_Stored items_:

■ ■ ■ ■

(* Let $A=\mathrm{diag}(G_1,\dots,G_m,[1])\in\mathbb{R}^{n\times n}$ (where the trailing block $[1]$ may or may not be present), with $G_j=\begin{bmatrix}c_j&s_j\\-s_j&c_j\end{bmatrix}$, $c_j^2+s_j^2=1$, $s_j\neq 0$, and $0<c_1<c_2<\cdots<c_m$. Let $v_0\in\mathbb{R}^n$ be a unit norm vector with $d(A,v_0)\geq 2$ and $v_0^{(1)}\neq 0$, and run the iteration ACI($1$) below. Then there exist an index $k_0$ and a number $0<\varrho<1$ such that for all $k\geq k_0$, $$\|v_{k+1}^{(j)}\|\leq\varrho\,\|v_k^{(j)}\|,\qquad j=2,\dots,m+1$$ (with $j=m+1$ included only when the block $[1]$ is present).
   Context: Block partitioning: every $v\in\mathbb{R}^n$ is written as $v=[v^{(1)};\dots;v^{(m)};v^{(m+1)}]$ with $v^{(j)}\in\mathbb{R}^2$ for $j=1,\dots,m$ (conforming with the blocks $G_j$) and $v^{(m+1)}\in\mathbb{R}$ (present only if the block $[1]$ is present). ACI($1$): for $k=0,1,2,\dots$: $\widetilde w_k=(A-\alpha_kI)v_k$ with $\alpha_k=v_k^TAv_k$; $w_k=\widetilde w_k/\|\widetilde w_k\|$; $\widetilde v_{k+1}=(A^T-\beta_kI)w_k$ with $\beta_k=w_k^TAw_k$; $v_{k+1}=\widetilde v_{k+1}/\|\widetilde v_{k+1}\|$. $d(A,v)$ is the grade of $v$ w.r.t. $A$ (degree of the monic polynomial $p$ of smallest degree with $p(A)v=0$); $\|\cdot\|$ is the Euclidean norm. *)

theory Defs
  imports "Jordan_Normal_Form.Matrix" "HOL-Computational_Algebra.Polynomial"
begin

definition vnorm :: "real vec \<Rightarrow> real" where
  "vnorm v = sqrt (v \<bullet> v)"

(* dimension n = 2m (+1 if the trailing block [1] is present) *)
definition dimA :: "nat \<Rightarrow> bool \<Rightarrow> nat" where
  "dimA m t = 2 * m + (if t then 1 else 0)"

(* A = diag(G_1,...,G_m,[1]); block G_j (j = 1..m) occupies rows/cols 2(j-1), 2(j-1)+1
   (0-based), G_j = [[c_j, s_j], [-s_j, c_j]]; trailing [1] at index 2m if present *)
definition blockA :: "nat \<Rightarrow> bool \<Rightarrow> (nat \<Rightarrow> real) \<Rightarrow> (nat \<Rightarrow> real) \<Rightarrow> real mat" where
  "blockA m t c s = mat (dimA m t) (dimA m t) (\<lambda>(i, k).
     if i < 2 * m \<and> k < 2 * m \<and> i div 2 = k div 2 then
       (let j = i div 2 + 1 in
         if i = k then c j
         else if even i then s j
         else - s j)
     else if i = 2 * m \<and> k = 2 * m then 1
     else 0)"

definition poly_apply :: "real mat \<Rightarrow> real poly \<Rightarrow> real vec \<Rightarrow> real vec" where
  "poly_apply A p v = vec (dim_row A) (\<lambda>r. \<Sum>i\<le>degree p. coeff p i * ((A ^\<^sub>m i) *\<^sub>v v) $ r)"

definition grade :: "real mat \<Rightarrow> real vec \<Rightarrow> nat" where
  "grade A v = (LEAST d. \<exists>p. lead_coeff p = 1 \<and> degree p = d \<and> poly_apply A p v = 0\<^sub>v (dim_row A))"

definition aci_step :: "real mat \<Rightarrow> real vec \<Rightarrow> real vec" where
  "aci_step A v = (let n = dim_row A;
      \<alpha> = v \<bullet> (A *\<^sub>v v);
      wt = (A - \<alpha> \<cdot>\<^sub>m 1\<^sub>m n) *\<^sub>v v;
      w = (1 / vnorm wt) \<cdot>\<^sub>v wt;
      \<beta> = w \<bullet> (A *\<^sub>v w);
      vt = (transpose_mat A - \<beta> \<cdot>\<^sub>m 1\<^sub>m n) *\<^sub>v w
    in (1 / vnorm vt) \<cdot>\<^sub>v vt)"

primrec aci :: "real mat \<Rightarrow> real vec \<Rightarrow> nat \<Rightarrow> real vec" where
  "aci A v0 0 = v0"
| "aci A v0 (Suc k) = aci_step A (aci A v0 k)"

definition blk_norm :: "real vec \<Rightarrow> nat \<Rightarrow> real" where
  "blk_norm v j = sqrt ((v $ (2 * (j - 1)))\<^sup>2 + (v $ (2 * (j - 1) + 1))\<^sup>2)"

definition last_norm :: "nat \<Rightarrow> real vec \<Rightarrow> real" where
  "last_norm m v = \<bar>v $ (2 * m)\<bar>"

end

theory Submission
  imports Defs
begin

text \<open>Every block of \<open>A\<close> is a rotation, so \<open>A\<close> and \<open>A\<^sup>T\<close> scale the block norms uniformly and
the squared block norms \<open>x\<^sub>j = \<parallel>v\<^sup>(\<^sup>j\<^sup>)\<parallel>\<^sup>2\<close> evolve autonomously: each half-step of ACI(1)
multiplies \<open>x\<^sub>j\<close> by \<open>1 - 2\<gamma>c\<^sub>j + \<gamma>\<^sup>2\<close> and renormalises, where the shift \<open>\<gamma> = \<Sum> c\<^sub>j x\<^sub>j\<close> is
the Rayleigh quotient (with \<open>c\<^sub>m\<^sub>+\<^sub>1 = 1\<close> for the block \<open>[1]\<close>). Since \<open>\<gamma> \<ge> c\<^sub>1\<close>, the factor
of every block \<open>j \<ge> 2\<close> is at most a fixed \<open>q < 1\<close> times the factor of the first block.
Hence the mass outside the first block, relative to \<open>x\<^sub>1\<close>, decays geometrically, and once it
is small every half-step contracts each \<open>x\<^sub>j\<close>, \<open>j \<ge> 2\<close>, by a fixed factor \<open>\<rho> < 1\<close>.\<close>

section \<open>Block rotation matrices\<close>

definition rot_blocks :: "nat \<Rightarrow> bool \<Rightarrow> (nat \<Rightarrow> real) \<Rightarrow> (nat \<Rightarrow> real) \<Rightarrow> real \<Rightarrow> real mat" where
  "rot_blocks m t c s e = mat (dimA m t) (dimA m t) (\<lambda>(i, k).
     if i < 2 * m \<and> k < 2 * m \<and> i div 2 = k div 2 then
       (if i = k then c (i div 2 + 1) else if even i then s (i div 2 + 1) else - s (i div 2 + 1))
     else if i = 2 * m \<and> k = 2 * m then e
     else 0)"

lemma blockA_eq_rot_blocks: "blockA m t c s = rot_blocks m t c s 1"
  unfolding blockA_def rot_blocks_def Let_def by simp

lemma dimA_cases: "i < dimA m t \<Longrightarrow> i < 2 * m \<or> (i = 2 * m \<and> t)"
  unfolding dimA_def by (auto split: if_splits)

lemma rot_blocks_carrier [simp]: "rot_blocks m t c s e \<in> carrier_mat (dimA m t) (dimA m t)"
  and dim_row_rot_blocks [simp]: "dim_row (rot_blocks m t c s e) = dimA m t"
  and dim_col_rot_blocks [simp]: "dim_col (rot_blocks m t c s e) = dimA m t"
  unfolding rot_blocks_def by auto

lemma rot_blocks_mult_vec_carrier [simp]:
  "v \<in> carrier_vec (dimA m t) \<Longrightarrow> rot_blocks m t c s e *\<^sub>v v \<in> carrier_vec (dimA m t)"
  by (rule mult_mat_vec_carrier[OF rot_blocks_carrier])

lemma rot_blocks_minus_smult_one:
  "rot_blocks m t c s e - \<gamma> \<cdot>\<^sub>m 1\<^sub>m (dimA m t) = rot_blocks m t (\<lambda>j. c j - \<gamma>) s (e - \<gamma>)"
  by (rule eq_matI) (auto simp: rot_blocks_def dest!: dimA_cases)

lemma transpose_rot_blocks: "transpose_mat (rot_blocks m t c s e) = rot_blocks m t c (\<lambda>j. - s j) e"
proof (rule eq_matI)
  fix i k assume "i < dim_row (rot_blocks m t c (\<lambda>j. - s j) e)" "k < dim_col (rot_blocks m t c (\<lambda>j. - s j) e)"
  moreover have "i div 2 = k div 2 \<Longrightarrow> i \<noteq> k \<Longrightarrow> even i = odd k" by presburger
  ultimately show "transpose_mat (rot_blocks m t c s e) $$ (i, k) = rot_blocks m t c (\<lambda>j. - s j) e $$ (i, k)"
    by (auto simp: rot_blocks_def)
qed auto
(* Let $\mathbf{F}$ be a finite field with $q$ elements, $n\ge1$, $V_j=\operatorname{span}(b_1,\dots,b_j)\subseteq\mathbf{F}^n$ for the standard basis, and $r\ge0$. Let $T\colon V_{n-1}\to V_{n-1}$ be a semi-idempotent linear map of rank $\le r$. For $f\colon\mathbf{Z}_{\ge0}\to\mathbf{Z}$ put \[ E_n(f,T)=\sum_{\substack{S\colon V_n\to V_n\ \text{semi-idempotent}\\ \operatorname{rank}S\le r,\ S|_{V_{n-1}}=T}}\mu(\mathrm{srk}\,S)\,f(\operatorname{rank}S), \] where $S|_{V_{n-1}}=T$ means $S(v)=T(v)$ for all $v\in V_{n-1}$. Then (1) if $\operatorname{rank}T\le r-1$, $E_n(f,T)=\mu(\mathrm{srk}\,T)\,q^{\operatorname{rank}T}\big(f(\operatorname{rank}T)-f(\operatorname{rank}T+1)\big)$; (2) if $\operatorname{rank}T=r$, $E_n(f,T)=\mu(\mathrm{srk}\,T)\,q^{\operatorname{rank}T}f(\operatorname{rank}T)$.
   Context: A linear operator $S$ on a finite-dimensional space $V$ is semi-idempotent if $V=X\oplus Y$ with $X,Y$ $S$-stable, $S|_X=\mathrm{id}$ and $S|_Y$ nilpotent. $\mathrm{srk}$ is the stable rank: rank of the $j$-th power for $j\gg0$. $\mu(i)=(-1)^iq^{\binom i2}$. *)

theory Defs
  imports "Jordan_Normal_Form.DL_Rank"
begin

text \<open>Linear maps on F^d are represented by d x d matrices (standard basis),
  acting on column vectors of dimension d.\<close>

definition is_subspace :: "nat \<Rightarrow> 'a::field vec set \<Rightarrow> bool" where
  "is_subspace d X \<longleftrightarrow> X \<subseteq> carrier_vec d \<and> 0\<^sub>v d \<in> X \<and>
     (\<forall>x\<in>X. \<forall>y\<in>X. x + y \<in> X) \<and> (\<forall>c. \<forall>x\<in>X. c \<cdot>\<^sub>v x \<in> X)"

definition semi_idempotent :: "nat \<Rightarrow> 'a::field mat \<Rightarrow> bool" where
  "semi_idempotent d S \<longleftrightarrow> S \<in> carrier_mat d d \<and>
     (\<exists>X Y. is_subspace d X \<and> is_subspace d Y \<and> X \<inter> Y = {0\<^sub>v d} \<and>
        (\<forall>v\<in>carrier_vec d. \<exists>x\<in>X. \<exists>y\<in>Y. v = x + y) \<and>
        (\<forall>x\<in>X. S *\<^sub>v x \<in> X) \<and> (\<forall>y\<in>Y. S *\<^sub>v y \<in> Y) \<and>
        (\<forall>x\<in>X. S *\<^sub>v x = x) \<and>
        (\<exists>k. \<forall>y\<in>Y. (S ^\<^sub>m k) *\<^sub>v y = 0\<^sub>v d))"

abbreviation mrank :: "nat \<Rightarrow> 'a::field mat \<Rightarrow> nat" where
  "mrank d A \<equiv> vec_space.rank d A"

definition srk :: "nat \<Rightarrow> 'a::field mat \<Rightarrow> nat" where
  "srk d S = (THE s. \<exists>N. \<forall>j\<ge>N. mrank d (S ^\<^sub>m j) = s)"

definition mu :: "int \<Rightarrow> nat \<Rightarrow> int" where
  "mu q i = (-1) ^ i * q ^ (i choose 2)"

text \<open>Embedding of V_{n-1} = span(b_1..b_{n-1}) into F^n (last coordinate zero).\<close>
definition embed_vec :: "nat \<Rightarrow> 'a::zero vec \<Rightarrow> 'a vec" where
  "embed_vec n v = vec n (\<lambda>i. if i < n - 1 then v $ i else 0)"

definition restricts_to :: "nat \<Rightarrow> 'a::field mat \<Rightarrow> 'a mat \<Rightarrow> bool" where
  "restricts_to n S T \<longleftrightarrow>
     (\<forall>v\<in>carrier_vec (n - 1). S *\<^sub>v embed_vec n v = embed_vec n (T *\<^sub>v v))"

definition E_sum :: "int \<Rightarrow> nat \<Rightarrow> nat \<Rightarrow> (nat \<Rightarrow> int) \<Rightarrow> 'a::field mat \<Rightarrow> int" where
  "E_sum q n r f T = (\<Sum>S\<in>{S \<in> carrier_mat n n. semi_idempotent n S \<and> mrank n S \<le> r
        \<and> restricts_to n S T}. mu q (srk n S) * f (mrank n S))"

end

■ ■ ■ ■

_Task brief_:
Filter the records above down to the lines containing "each".

_Reply to the exercise_:
the squared block norms \<open>x\<^sub>j = \<parallel>v\<^sup>(\<^sup>j\<^sup>)\<parallel>\<^sup>2\<close> evolve autonomously: each half-step of ACI(1)
is small every half-step contracts each \<open>x\<^sub>j\<close>, \<open>j \<ge> 2\<close>, by a fixed factor \<open>\<rho> < 1\<close>.\<close>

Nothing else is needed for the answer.